---------- Supplied data

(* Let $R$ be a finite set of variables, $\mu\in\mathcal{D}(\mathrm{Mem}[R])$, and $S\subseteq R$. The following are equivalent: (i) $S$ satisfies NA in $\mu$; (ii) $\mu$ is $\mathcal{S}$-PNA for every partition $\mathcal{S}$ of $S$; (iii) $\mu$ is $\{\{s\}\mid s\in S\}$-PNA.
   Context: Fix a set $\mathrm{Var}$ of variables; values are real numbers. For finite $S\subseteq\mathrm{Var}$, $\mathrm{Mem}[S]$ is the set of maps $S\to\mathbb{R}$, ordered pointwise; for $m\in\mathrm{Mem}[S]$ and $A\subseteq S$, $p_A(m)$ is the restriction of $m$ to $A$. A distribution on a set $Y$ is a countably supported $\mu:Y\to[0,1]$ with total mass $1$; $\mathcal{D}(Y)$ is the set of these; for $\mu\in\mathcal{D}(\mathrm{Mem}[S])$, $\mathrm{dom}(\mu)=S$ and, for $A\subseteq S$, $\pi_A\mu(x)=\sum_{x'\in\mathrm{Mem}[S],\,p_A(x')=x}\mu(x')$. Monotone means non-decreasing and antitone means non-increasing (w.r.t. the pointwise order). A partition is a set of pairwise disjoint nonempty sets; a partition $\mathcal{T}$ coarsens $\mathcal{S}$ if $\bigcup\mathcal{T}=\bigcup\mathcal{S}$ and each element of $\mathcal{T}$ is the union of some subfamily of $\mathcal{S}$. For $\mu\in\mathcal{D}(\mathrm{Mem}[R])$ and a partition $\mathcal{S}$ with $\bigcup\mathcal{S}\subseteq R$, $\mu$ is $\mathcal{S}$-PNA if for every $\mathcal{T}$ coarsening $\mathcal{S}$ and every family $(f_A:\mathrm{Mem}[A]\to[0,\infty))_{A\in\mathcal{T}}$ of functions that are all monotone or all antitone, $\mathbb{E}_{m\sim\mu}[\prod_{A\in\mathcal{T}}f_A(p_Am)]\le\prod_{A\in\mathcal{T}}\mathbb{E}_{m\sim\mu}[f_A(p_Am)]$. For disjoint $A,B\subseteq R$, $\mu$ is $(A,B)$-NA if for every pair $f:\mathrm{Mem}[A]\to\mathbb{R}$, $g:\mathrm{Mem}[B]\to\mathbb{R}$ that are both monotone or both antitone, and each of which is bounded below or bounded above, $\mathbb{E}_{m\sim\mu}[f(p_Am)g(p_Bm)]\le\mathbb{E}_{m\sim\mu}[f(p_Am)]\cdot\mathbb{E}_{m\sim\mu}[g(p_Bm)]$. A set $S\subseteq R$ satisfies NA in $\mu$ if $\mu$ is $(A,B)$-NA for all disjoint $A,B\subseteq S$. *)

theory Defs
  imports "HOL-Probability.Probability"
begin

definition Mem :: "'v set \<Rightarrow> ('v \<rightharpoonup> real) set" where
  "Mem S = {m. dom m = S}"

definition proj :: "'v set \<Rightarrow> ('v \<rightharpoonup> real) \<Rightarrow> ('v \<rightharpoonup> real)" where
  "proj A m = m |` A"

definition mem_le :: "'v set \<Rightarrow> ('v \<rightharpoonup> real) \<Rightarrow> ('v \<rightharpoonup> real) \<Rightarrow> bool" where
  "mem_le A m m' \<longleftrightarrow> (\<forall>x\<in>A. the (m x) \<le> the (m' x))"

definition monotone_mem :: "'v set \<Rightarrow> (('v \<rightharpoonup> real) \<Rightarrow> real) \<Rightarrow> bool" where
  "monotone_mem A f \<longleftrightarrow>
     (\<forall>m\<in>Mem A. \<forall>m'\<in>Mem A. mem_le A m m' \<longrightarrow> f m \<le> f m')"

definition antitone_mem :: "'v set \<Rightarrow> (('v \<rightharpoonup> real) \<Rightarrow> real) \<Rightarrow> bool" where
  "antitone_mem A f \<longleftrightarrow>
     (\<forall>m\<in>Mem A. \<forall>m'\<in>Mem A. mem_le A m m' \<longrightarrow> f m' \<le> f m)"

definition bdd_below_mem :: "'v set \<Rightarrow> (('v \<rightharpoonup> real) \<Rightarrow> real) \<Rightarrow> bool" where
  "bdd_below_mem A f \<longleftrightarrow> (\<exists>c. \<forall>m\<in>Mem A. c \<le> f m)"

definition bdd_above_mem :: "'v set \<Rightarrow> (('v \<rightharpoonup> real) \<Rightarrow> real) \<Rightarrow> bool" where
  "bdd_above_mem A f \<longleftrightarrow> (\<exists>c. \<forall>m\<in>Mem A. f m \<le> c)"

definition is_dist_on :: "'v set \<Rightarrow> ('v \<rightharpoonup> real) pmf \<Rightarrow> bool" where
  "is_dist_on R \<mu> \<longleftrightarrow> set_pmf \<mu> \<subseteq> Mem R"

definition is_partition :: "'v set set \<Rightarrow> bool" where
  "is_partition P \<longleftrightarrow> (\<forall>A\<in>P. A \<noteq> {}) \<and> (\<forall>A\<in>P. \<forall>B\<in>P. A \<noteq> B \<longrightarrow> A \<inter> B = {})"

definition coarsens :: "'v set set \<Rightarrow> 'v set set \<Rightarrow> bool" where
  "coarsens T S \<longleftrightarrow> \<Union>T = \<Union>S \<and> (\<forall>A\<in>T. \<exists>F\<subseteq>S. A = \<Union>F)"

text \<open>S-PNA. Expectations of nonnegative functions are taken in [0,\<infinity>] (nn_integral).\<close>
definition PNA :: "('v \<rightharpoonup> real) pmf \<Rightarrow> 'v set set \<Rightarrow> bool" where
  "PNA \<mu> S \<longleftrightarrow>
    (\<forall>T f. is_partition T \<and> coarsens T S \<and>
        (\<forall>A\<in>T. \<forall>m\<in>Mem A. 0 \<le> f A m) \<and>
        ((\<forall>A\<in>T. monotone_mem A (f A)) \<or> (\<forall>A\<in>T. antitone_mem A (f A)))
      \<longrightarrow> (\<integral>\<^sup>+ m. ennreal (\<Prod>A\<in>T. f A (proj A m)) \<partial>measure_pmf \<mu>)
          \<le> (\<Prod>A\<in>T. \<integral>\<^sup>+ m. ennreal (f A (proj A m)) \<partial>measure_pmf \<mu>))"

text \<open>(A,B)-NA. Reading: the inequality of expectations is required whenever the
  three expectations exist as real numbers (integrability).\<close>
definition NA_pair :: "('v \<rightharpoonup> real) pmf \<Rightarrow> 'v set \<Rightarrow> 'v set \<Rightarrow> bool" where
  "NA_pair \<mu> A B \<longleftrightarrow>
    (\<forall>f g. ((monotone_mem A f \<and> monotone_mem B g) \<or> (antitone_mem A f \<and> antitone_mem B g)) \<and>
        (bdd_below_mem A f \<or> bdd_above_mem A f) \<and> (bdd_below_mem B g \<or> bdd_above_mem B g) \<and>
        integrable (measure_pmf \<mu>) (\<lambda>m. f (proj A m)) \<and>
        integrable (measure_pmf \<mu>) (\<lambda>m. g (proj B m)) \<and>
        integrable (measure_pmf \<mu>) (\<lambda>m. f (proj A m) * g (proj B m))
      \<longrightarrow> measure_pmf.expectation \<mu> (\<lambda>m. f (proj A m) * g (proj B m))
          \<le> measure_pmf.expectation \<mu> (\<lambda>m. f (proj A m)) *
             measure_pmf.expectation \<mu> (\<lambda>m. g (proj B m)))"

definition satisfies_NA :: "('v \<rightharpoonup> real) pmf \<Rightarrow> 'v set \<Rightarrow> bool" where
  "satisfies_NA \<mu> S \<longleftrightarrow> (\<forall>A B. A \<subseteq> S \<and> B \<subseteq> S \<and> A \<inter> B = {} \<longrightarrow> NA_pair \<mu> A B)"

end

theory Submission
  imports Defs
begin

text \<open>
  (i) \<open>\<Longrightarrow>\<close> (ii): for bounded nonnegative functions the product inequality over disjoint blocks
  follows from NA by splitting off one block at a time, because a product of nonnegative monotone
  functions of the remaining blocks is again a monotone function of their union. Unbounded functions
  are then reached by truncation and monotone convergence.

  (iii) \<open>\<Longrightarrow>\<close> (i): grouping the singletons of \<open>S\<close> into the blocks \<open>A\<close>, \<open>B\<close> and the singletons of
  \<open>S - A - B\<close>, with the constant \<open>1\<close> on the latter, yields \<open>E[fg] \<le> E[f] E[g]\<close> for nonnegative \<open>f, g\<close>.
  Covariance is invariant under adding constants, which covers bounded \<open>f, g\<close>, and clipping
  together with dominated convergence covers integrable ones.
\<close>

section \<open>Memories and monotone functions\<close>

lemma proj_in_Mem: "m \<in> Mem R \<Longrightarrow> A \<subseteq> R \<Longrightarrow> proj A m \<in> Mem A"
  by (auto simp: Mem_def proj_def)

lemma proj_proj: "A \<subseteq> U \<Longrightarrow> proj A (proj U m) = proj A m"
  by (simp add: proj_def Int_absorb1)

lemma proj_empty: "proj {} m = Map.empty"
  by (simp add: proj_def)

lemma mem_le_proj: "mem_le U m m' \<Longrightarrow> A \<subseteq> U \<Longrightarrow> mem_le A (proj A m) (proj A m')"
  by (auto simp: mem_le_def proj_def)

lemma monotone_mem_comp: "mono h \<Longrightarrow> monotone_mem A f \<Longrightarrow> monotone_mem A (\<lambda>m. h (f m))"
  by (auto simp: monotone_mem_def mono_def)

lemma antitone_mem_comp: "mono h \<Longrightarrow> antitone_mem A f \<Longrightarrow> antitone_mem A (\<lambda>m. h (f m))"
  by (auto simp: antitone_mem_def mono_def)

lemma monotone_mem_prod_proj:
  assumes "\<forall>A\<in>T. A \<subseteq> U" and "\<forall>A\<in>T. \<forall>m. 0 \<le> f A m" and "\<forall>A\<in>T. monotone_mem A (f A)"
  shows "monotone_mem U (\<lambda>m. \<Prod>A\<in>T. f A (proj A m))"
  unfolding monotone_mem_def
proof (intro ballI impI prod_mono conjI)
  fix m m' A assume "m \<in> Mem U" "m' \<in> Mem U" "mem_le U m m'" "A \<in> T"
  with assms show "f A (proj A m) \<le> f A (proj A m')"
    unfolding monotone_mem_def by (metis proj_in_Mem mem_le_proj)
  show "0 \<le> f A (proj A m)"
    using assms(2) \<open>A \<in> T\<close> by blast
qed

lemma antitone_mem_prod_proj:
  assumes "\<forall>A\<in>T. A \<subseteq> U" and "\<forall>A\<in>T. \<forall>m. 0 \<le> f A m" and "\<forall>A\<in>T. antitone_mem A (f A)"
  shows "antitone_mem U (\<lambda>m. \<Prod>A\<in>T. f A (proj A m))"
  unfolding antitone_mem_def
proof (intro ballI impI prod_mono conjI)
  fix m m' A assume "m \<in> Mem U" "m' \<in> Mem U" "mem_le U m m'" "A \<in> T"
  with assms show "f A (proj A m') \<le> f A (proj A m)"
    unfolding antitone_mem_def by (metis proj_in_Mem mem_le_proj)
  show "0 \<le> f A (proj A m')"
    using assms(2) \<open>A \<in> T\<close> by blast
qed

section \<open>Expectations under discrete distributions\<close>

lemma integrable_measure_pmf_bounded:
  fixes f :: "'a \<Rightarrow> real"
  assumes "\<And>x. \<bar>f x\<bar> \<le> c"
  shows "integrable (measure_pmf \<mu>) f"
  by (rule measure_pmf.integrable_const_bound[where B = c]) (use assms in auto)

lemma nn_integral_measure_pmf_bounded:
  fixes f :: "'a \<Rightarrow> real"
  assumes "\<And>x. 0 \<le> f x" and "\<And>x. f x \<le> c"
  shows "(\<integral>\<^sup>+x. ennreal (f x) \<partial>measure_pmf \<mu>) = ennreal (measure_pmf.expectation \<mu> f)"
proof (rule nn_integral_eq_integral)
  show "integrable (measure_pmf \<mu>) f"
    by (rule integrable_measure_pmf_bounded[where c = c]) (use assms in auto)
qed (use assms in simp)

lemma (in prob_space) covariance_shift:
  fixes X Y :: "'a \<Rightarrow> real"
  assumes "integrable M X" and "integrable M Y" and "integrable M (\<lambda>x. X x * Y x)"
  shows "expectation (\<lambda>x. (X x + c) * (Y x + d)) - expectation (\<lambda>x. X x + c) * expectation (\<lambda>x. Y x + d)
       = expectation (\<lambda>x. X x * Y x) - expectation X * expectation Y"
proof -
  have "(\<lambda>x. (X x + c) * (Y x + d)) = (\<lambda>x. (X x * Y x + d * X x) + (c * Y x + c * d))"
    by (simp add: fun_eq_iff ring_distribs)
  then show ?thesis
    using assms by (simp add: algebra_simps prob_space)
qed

--------------------
---------- Supplied data

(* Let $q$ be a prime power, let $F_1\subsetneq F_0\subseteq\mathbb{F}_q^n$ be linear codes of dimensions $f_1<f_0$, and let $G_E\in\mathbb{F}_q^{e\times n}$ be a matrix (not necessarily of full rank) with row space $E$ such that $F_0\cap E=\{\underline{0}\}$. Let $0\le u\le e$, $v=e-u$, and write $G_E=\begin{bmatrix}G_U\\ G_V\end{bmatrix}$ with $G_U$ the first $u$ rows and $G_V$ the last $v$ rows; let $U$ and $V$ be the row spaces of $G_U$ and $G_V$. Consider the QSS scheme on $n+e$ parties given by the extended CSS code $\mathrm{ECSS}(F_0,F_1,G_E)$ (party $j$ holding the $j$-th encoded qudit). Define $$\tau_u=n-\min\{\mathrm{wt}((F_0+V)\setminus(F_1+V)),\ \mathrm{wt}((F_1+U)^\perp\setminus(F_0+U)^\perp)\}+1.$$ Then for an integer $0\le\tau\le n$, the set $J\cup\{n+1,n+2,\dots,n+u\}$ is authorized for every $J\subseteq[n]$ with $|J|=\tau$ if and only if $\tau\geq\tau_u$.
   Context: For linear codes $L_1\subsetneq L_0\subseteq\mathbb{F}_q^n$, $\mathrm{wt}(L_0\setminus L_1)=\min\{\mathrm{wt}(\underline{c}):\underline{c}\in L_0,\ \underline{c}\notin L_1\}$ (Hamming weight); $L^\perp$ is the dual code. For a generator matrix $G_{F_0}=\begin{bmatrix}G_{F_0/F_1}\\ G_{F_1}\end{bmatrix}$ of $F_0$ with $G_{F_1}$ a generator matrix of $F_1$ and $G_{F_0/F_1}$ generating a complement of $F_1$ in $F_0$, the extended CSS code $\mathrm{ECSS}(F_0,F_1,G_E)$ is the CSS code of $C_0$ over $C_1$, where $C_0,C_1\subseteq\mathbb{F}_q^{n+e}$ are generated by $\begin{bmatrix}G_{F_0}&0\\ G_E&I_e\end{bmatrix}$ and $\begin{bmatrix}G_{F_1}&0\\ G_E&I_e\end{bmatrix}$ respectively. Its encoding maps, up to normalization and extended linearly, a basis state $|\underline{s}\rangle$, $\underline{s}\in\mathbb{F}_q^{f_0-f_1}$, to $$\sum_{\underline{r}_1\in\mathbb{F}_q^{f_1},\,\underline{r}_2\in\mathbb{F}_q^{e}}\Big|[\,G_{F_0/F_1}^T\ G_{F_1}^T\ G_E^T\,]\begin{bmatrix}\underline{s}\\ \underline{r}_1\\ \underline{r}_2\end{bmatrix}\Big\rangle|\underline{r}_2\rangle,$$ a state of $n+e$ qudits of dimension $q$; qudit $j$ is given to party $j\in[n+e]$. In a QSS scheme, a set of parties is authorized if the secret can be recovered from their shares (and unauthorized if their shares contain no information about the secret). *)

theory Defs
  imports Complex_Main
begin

--------------------

• What you are asked to do
Show every line of the data that includes the string "which".

• Your solution
   Context: Fix a set $\mathrm{Var}$ of variables; values are real numbers. For finite $S\subseteq\mathrm{Var}$, $\mathrm{Mem}[S]$ is the set of maps $S\to\mathbb{R}$, ordered pointwise; for $m\in\mathrm{Mem}[S]$ and $A\subseteq S$, $p_A(m)$ is the restriction of $m$ to $A$. A distribution on a set $Y$ is a countably supported $\mu:Y\to[0,1]$ with total mass $1$; $\mathcal{D}(Y)$ is the set of these; for $\mu\in\mathcal{D}(\mathrm{Mem}[S])$, $\mathrm{dom}(\mu)=S$ and, for $A\subseteq S$, $\pi_A\mu(x)=\sum_{x'\in\mathrm{Mem}[S],\,p_A(x')=x}\mu(x')$. Monotone means non-decreasing and antitone means non-increasing (w.r.t. the pointwise order). A partition is a set of pairwise disjoint nonempty sets; a partition $\mathcal{T}$ coarsens $\mathcal{S}$ if $\bigcup\mathcal{T}=\bigcup\mathcal{S}$ and each element of $\mathcal{T}$ is the union of some subfamily of $\mathcal{S}$. For $\mu\in\mathcal{D}(\mathrm{Mem}[R])$ and a partition $\mathcal{S}$ with $\bigcup\mathcal{S}\subseteq R$, $\mu$ is $\mathcal{S}$-PNA if for every $\mathcal{T}$ coarsening $\mathcal{S}$ and every family $(f_A:\mathrm{Mem}[A]\to[0,\infty))_{A\in\mathcal{T}}$ of functions that are all monotone or all antitone, $\mathbb{E}_{m\sim\mu}[\prod_{A\in\mathcal{T}}f_A(p_Am)]\le\prod_{A\in\mathcal{T}}\mathbb{E}_{m\sim\mu}[f_A(p_Am)]$. For disjoint $A,B\subseteq R$, $\mu$ is $(A,B)$-NA if for every pair $f:\mathrm{Mem}[A]\to\mathbb{R}$, $g:\mathrm{Mem}[B]\to\mathbb{R}$ that are both monotone or both antitone, and each of which is bounded below or bounded above, $\mathbb{E}_{m\sim\mu}[f(p_Am)g(p_Bm)]\le\mathbb{E}_{m\sim\mu}[f(p_Am)]\cdot\mathbb{E}_{m\sim\mu}[g(p_Bm)]$. A set $S\subseteq R$ satisfies NA in $\mu$ if $\mu$ is $(A,B)$-NA for all disjoint $A,B\subseteq S$. *)
  Covariance is invariant under adding constants, which covers bounded \<open>f, g\<close>, and clipping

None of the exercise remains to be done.